§ **Prompt**: Among the entries that follow, count the lines that contain the word "also" and say how many there are, writing nothing else.

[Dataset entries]

*** Begin section ***

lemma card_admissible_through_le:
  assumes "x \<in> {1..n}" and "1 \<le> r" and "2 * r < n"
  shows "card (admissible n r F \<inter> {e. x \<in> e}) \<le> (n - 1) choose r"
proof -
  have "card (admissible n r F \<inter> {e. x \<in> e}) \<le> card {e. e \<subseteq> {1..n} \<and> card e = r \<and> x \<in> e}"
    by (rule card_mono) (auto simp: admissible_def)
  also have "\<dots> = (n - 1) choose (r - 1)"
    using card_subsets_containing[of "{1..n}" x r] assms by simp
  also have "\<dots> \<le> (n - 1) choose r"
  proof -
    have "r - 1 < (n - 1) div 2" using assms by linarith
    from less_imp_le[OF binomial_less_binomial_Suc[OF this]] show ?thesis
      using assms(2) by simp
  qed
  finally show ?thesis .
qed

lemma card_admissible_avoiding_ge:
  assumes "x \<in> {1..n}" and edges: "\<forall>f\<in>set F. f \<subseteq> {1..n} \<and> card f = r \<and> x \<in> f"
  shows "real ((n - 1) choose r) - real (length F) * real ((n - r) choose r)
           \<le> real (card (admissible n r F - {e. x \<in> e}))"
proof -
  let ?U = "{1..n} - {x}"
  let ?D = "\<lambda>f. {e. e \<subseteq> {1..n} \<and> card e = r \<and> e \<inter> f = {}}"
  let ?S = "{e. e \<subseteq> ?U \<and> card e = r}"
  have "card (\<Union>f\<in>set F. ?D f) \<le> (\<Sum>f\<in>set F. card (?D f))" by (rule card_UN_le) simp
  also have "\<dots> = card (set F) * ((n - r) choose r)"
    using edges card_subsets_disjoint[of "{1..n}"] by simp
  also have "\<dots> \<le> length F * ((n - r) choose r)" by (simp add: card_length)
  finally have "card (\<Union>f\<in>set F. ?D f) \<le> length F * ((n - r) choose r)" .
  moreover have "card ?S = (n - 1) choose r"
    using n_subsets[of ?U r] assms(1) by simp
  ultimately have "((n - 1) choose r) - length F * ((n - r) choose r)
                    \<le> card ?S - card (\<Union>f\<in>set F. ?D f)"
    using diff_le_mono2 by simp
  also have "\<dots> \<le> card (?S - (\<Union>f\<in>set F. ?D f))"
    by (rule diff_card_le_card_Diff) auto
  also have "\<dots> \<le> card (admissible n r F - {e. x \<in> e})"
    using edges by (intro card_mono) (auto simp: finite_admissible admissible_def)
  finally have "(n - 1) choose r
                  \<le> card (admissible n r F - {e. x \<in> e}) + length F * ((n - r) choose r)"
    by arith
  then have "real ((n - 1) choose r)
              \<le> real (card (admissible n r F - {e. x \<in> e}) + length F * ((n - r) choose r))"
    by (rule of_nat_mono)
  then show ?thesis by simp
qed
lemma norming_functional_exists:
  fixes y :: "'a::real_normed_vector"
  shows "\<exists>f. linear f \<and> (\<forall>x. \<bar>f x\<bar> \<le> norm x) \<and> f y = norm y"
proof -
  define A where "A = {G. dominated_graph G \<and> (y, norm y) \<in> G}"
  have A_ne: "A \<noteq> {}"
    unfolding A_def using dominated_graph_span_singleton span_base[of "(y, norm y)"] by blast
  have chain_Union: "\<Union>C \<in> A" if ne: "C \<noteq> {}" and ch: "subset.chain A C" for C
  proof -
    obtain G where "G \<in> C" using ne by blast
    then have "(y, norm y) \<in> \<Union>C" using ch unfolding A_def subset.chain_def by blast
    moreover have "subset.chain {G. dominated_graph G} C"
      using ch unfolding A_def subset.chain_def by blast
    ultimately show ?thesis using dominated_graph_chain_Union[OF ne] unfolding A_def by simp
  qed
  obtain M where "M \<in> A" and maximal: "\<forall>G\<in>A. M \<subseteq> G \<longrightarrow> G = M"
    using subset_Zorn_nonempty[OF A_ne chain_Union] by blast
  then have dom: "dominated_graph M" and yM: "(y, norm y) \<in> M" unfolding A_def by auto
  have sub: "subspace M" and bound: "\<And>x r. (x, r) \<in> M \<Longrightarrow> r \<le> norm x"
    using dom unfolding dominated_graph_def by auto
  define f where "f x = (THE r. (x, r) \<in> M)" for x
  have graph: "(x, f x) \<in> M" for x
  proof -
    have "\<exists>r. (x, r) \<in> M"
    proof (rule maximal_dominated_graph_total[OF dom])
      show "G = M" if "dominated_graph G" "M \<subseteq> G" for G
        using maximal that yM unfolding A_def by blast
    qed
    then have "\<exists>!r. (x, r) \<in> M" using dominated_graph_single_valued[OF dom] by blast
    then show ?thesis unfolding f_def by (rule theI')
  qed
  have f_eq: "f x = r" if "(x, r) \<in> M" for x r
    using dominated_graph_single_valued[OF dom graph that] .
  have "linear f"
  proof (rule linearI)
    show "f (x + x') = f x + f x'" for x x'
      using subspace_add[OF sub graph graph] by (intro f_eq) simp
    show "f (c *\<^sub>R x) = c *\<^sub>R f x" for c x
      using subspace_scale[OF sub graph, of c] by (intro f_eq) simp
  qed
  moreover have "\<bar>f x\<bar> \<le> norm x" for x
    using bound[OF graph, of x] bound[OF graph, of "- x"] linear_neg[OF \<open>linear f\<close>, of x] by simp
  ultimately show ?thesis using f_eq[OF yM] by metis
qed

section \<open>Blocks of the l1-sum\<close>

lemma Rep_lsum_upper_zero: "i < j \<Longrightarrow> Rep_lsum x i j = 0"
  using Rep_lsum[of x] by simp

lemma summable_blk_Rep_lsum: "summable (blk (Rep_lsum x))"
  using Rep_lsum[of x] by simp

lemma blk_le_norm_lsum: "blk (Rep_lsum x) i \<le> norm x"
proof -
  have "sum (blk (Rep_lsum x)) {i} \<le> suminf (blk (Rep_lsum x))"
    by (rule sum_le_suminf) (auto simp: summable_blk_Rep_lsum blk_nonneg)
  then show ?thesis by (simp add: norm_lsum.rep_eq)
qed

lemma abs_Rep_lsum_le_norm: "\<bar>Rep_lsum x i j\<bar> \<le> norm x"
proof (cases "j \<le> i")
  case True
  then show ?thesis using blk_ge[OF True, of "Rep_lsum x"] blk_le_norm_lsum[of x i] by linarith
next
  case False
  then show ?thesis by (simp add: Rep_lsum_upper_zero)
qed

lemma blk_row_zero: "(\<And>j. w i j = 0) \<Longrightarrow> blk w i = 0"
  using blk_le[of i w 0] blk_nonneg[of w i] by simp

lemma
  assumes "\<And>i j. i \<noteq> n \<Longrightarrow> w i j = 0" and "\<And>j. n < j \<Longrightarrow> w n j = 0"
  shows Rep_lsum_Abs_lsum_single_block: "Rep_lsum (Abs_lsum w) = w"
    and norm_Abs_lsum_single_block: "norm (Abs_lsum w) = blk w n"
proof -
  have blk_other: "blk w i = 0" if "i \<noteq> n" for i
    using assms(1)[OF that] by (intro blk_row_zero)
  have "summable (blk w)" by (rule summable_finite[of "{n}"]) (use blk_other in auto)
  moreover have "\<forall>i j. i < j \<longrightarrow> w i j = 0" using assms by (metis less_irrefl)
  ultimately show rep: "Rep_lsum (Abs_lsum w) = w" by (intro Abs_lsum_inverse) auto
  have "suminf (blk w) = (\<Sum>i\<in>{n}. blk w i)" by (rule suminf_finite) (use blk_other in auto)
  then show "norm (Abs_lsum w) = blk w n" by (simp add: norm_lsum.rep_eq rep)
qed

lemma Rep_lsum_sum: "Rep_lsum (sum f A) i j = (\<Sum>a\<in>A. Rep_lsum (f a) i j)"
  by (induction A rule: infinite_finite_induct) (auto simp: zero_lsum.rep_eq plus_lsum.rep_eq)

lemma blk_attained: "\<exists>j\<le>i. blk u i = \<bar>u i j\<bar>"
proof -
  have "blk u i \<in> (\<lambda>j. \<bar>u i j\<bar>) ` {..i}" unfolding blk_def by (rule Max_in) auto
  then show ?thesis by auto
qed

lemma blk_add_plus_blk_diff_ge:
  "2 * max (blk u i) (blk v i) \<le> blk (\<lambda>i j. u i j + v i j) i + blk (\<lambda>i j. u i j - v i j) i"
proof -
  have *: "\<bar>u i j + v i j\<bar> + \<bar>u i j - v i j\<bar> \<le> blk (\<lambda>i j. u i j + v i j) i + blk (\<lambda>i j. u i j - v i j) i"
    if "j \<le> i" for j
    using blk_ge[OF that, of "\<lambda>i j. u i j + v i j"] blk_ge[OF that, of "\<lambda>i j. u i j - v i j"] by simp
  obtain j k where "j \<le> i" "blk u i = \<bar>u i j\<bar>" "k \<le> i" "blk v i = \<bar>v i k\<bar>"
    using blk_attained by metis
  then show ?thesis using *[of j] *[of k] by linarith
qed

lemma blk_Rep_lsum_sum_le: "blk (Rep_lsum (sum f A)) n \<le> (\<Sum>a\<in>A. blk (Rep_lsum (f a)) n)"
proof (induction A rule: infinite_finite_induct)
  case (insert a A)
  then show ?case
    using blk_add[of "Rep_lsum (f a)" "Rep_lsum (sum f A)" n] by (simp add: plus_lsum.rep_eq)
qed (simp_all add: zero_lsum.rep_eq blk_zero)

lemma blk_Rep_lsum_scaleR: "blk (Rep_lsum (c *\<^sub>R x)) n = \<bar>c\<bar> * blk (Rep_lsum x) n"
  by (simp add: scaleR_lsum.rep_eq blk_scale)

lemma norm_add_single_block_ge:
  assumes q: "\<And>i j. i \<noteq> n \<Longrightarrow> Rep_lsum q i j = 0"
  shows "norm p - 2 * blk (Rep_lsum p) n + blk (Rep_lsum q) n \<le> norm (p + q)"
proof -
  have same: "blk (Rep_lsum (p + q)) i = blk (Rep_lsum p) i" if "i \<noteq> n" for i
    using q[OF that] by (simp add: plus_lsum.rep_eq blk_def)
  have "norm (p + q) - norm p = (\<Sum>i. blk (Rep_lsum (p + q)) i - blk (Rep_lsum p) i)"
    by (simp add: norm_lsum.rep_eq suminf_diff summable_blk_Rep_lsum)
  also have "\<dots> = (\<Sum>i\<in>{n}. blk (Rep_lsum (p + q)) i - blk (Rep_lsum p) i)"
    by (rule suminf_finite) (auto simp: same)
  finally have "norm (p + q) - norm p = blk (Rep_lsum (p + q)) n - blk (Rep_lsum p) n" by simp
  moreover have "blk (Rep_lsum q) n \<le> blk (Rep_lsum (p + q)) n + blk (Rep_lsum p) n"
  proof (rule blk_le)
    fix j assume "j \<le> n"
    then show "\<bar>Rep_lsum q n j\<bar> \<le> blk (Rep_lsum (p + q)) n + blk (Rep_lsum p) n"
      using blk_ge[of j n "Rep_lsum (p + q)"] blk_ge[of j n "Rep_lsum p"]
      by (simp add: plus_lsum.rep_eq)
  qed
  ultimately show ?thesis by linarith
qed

*** End section ***

§ **Your response**: 7